Extracted records:
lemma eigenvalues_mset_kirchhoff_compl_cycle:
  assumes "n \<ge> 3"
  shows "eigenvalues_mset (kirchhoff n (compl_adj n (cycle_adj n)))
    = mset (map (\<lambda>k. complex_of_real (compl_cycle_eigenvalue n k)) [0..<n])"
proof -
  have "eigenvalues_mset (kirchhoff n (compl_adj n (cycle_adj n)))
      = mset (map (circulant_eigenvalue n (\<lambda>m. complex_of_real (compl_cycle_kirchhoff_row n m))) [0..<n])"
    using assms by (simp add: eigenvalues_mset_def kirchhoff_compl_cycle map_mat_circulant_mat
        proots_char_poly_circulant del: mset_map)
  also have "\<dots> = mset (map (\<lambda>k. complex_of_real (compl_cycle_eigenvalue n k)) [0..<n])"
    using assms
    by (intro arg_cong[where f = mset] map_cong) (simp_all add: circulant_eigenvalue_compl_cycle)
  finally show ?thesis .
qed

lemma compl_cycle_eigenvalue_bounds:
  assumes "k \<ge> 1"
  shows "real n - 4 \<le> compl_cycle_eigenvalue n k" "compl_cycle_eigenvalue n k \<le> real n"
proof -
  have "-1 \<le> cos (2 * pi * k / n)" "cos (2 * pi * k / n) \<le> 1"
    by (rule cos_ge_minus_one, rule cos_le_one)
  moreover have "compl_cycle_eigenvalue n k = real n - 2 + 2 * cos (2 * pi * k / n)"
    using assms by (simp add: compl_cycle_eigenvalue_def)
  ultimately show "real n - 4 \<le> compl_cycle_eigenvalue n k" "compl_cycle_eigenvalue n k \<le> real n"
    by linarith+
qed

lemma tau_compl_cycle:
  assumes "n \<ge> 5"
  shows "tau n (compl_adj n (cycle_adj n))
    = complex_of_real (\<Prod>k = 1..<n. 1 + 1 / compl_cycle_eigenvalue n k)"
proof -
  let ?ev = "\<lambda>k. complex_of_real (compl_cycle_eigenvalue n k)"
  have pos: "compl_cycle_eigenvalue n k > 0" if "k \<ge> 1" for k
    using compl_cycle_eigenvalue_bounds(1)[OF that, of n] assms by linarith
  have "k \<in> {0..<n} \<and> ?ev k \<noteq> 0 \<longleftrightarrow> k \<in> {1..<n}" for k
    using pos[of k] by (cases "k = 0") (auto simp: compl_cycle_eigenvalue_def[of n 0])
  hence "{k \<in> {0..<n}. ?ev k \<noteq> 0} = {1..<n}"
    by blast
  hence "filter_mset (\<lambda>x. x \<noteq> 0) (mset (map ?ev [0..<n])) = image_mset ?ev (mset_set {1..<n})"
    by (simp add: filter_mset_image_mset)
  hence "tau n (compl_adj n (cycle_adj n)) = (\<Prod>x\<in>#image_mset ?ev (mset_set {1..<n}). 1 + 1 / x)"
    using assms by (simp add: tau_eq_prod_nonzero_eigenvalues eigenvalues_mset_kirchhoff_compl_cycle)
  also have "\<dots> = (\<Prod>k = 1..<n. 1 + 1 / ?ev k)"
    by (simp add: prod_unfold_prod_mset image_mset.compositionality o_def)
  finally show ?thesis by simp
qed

• [What the exercise asks]
Write the records out again. Each one must match exactly.

• [Output of the task]
lemma eigenvalues_mset_kirchhoff_compl_cycle:
  assumes "n \<ge> 3"
  shows "eigenvalues_mset (kirchhoff n (compl_adj n (cycle_adj n)))
    = mset (map (\<lambda>k. complex_of_real (compl_cycle_eigenvalue n k)) [0..<n])"
proof -
  have "eigenvalues_mset (kirchhoff n (compl_adj n (cycle_adj n)))
      = mset (map (circulant_eigenvalue n (\<lambda>m. complex_of_real (compl_cycle_kirchhoff_row n m))) [0..<n])"
    using assms by (simp add: eigenvalues_mset_def kirchhoff_compl_cycle map_mat_circulant_mat
        proots_char_poly_circulant del: mset_map)
  also have "\<dots> = mset (map (\<lambda>k. complex_of_real (compl_cycle_eigenvalue n k)) [0..<n])"
    using assms
    by (intro arg_cong[where f = mset] map_cong) (simp_all add: circulant_eigenvalue_compl_cycle)
  finally show ?thesis .
qed

lemma compl_cycle_eigenvalue_bounds:
  assumes "k \<ge> 1"
  shows "real n - 4 \<le> compl_cycle_eigenvalue n k" "compl_cycle_eigenvalue n k \<le> real n"
proof -
  have "-1 \<le> cos (2 * pi * k / n)" "cos (2 * pi * k / n) \<le> 1"
    by (rule cos_ge_minus_one, rule cos_le_one)
  moreover have "compl_cycle_eigenvalue n k = real n - 2 + 2 * cos (2 * pi * k / n)"
    using assms by (simp add: compl_cycle_eigenvalue_def)
  ultimately show "real n - 4 \<le> compl_cycle_eigenvalue n k" "compl_cycle_eigenvalue n k \<le> real n"
    by linarith+
qed

lemma tau_compl_cycle:
  assumes "n \<ge> 5"
  shows "tau n (compl_adj n (cycle_adj n))
    = complex_of_real (\<Prod>k = 1..<n. 1 + 1 / compl_cycle_eigenvalue n k)"
proof -
  let ?ev = "\<lambda>k. complex_of_real (compl_cycle_eigenvalue n k)"
  have pos: "compl_cycle_eigenvalue n k > 0" if "k \<ge> 1" for k
    using compl_cycle_eigenvalue_bounds(1)[OF that, of n] assms by linarith
  have "k \<in> {0..<n} \<and> ?ev k \<noteq> 0 \<longleftrightarrow> k \<in> {1..<n}" for k
    using pos[of k] by (cases "k = 0") (auto simp: compl_cycle_eigenvalue_def[of n 0])
  hence "{k \<in> {0..<n}. ?ev k \<noteq> 0} = {1..<n}"
    by blast
  hence "filter_mset (\<lambda>x. x \<noteq> 0) (mset (map ?ev [0..<n])) = image_mset ?ev (mset_set {1..<n})"
    by (simp add: filter_mset_image_mset)
  hence "tau n (compl_adj n (cycle_adj n)) = (\<Prod>x\<in>#image_mset ?ev (mset_set {1..<n}). 1 + 1 / x)"
    using assms by (simp add: tau_eq_prod_nonzero_eigenvalues eigenvalues_mset_kirchhoff_compl_cycle)
  also have "\<dots> = (\<Prod>k = 1..<n. 1 + 1 / ?ev k)"
    by (simp add: prod_unfold_prod_mset image_mset.compositionality o_def)
  finally show ?thesis by simp
qed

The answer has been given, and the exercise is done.